--- Records supplied Enclosed Below ---

theorem corollary4p29:
  fixes q :: real and n :: nat and \<alpha> \<beta> :: "nat list" and M :: "nat \<Rightarrow> nat \<Rightarrow> nat"
  assumes field_card: "q = 1 / real (card (UNIV :: ('a::{field,finite}) set))"
    and alpha: "sum_list \<alpha> = n" and beta: "sum_list \<beta> = n"
    and rows: "\<forall>i\<in>{1..length \<alpha>}. (\<Sum>j\<in>{1..length \<beta>}. M i j) = \<alpha> ! (i - 1)"
    and cols: "\<forall>j\<in>{1..length \<beta>}. (\<Sum>i\<in>{1..length \<alpha>}. M i j) = \<beta> ! (j - 1)"
  shows "real (card {F' \<in> (Fl n \<beta> :: (nat \<Rightarrow> 'a) set list set).
                       rel_pos (std_flag \<alpha> :: (nat \<Rightarrow> 'a) set list) F' M})
       = inverse q ^ (\<Sum>(i, j, i', j') \<in> {(i, j, i', j').
              1 \<le> i' \<and> i' \<le> i \<and> i \<le> length \<alpha> \<and> 1 \<le> j \<and> j < j' \<and> j' \<le> length \<beta>}.
                M i j * M i' j')
         * (\<Prod>i\<in>{1..length \<alpha>}. qfact q (\<alpha> ! (i - 1)))
         / (\<Prod>i\<in>{1..length \<alpha>}. \<Prod>j\<in>{1..length \<beta>}. qfact q (M i j))"
  using card_Fl_rel_pos[OF alpha beta rows cols]
  unfolding field_card count_formula_def pos_exponent_def .

end
lemma hst_tree_relabel:
  assumes "hst_tree \<mu> S D V r p leaf \<phi>"
  shows "hst_tree \<mu> S D (h ` V) (h r) parent (h \<circ> leaf) (\<phi> \<circ> relabel)"
proof -
  have leaves: "bij_betw leaf S {v. gen_is_leaf V r p v}"
    and phi: "\<forall>v\<in>V. \<phi> v \<ge> 0 \<and> (\<phi> v = 0 \<longleftrightarrow> gen_is_leaf V r p v)"
    and phi_parent: "\<forall>v\<in>V. v \<noteq> r \<longrightarrow> \<phi> v \<le> \<phi> (p v) / \<mu>"
    and lca: "\<forall>x\<in>S. \<forall>y\<in>S. \<exists>w. gen_is_lca p (leaf x) (leaf y) w \<and> D x y = \<phi> w"
    using assms by (auto simp: hst_tree_def)
  have leaf_V: "x \<in> S \<Longrightarrow> leaf x \<in> V" for x
    using leaves by (auto simp: bij_betw_def gen_is_leaf_def)
  have "bij_betw (h \<circ> leaf) S {v. gen_is_leaf (h ` V) (h r) parent v}"
    using leaves by (rule bij_betw_leaves_parent)
  moreover have "\<exists>w. gen_is_lca parent (h (leaf x)) (h (leaf y)) w \<and> D x y = \<phi> (relabel w)"
    if xy: "x \<in> S" "y \<in> S" for x y
  proof -
    obtain w where w: "gen_is_lca p (leaf x) (leaf y) w" "D x y = \<phi> w"
      using lca xy by blast
    moreover have "w \<in> V"
      using w(1) gen_ancestors_subset[OF tree leaf_V[OF xy(1)]]
      by (auto simp: gen_is_lca_def)
    ultimately have "gen_is_lca parent (h (leaf x)) (h (leaf y)) (h w) \<and> D x y = \<phi> (relabel (h w))"
      using xy leaf_V is_lca_parent_iff by simp
    then show ?thesis ..
  qed
  moreover have "\<forall>v\<in>h ` V. (\<phi> \<circ> relabel) v \<ge> 0 \<and>
      ((\<phi> \<circ> relabel) v = 0 \<longleftrightarrow> gen_is_leaf (h ` V) (h r) parent v)"
    using phi is_leaf_parent_iff by auto
  moreover have "\<forall>v\<in>h ` V. v \<noteq> h r \<longrightarrow> (\<phi> \<circ> relabel) v \<le> (\<phi> \<circ> relabel) (parent v) / \<mu>"
    using phi_parent by (auto simp: parent_def p_closed)
  ultimately show ?thesis
    using rooted_tree_parent by (auto simp: hst_tree_def)
qed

--- End of Enclosed Records supplied ---

Lines from the one containing "v \<noteq> h" through the last line of the data above are the only output wanted; restate them exactly.

» **The answer**
  moreover have "\<forall>v\<in>h ` V. v \<noteq> h r \<longrightarrow> (\<phi> \<circ> relabel) v \<le> (\<phi> \<circ> relabel) (parent v) / \<mu>"
    using phi_parent by (auto simp: parent_def p_closed)
  ultimately show ?thesis
    using rooted_tree_parent by (auto simp: hst_tree_def)
qed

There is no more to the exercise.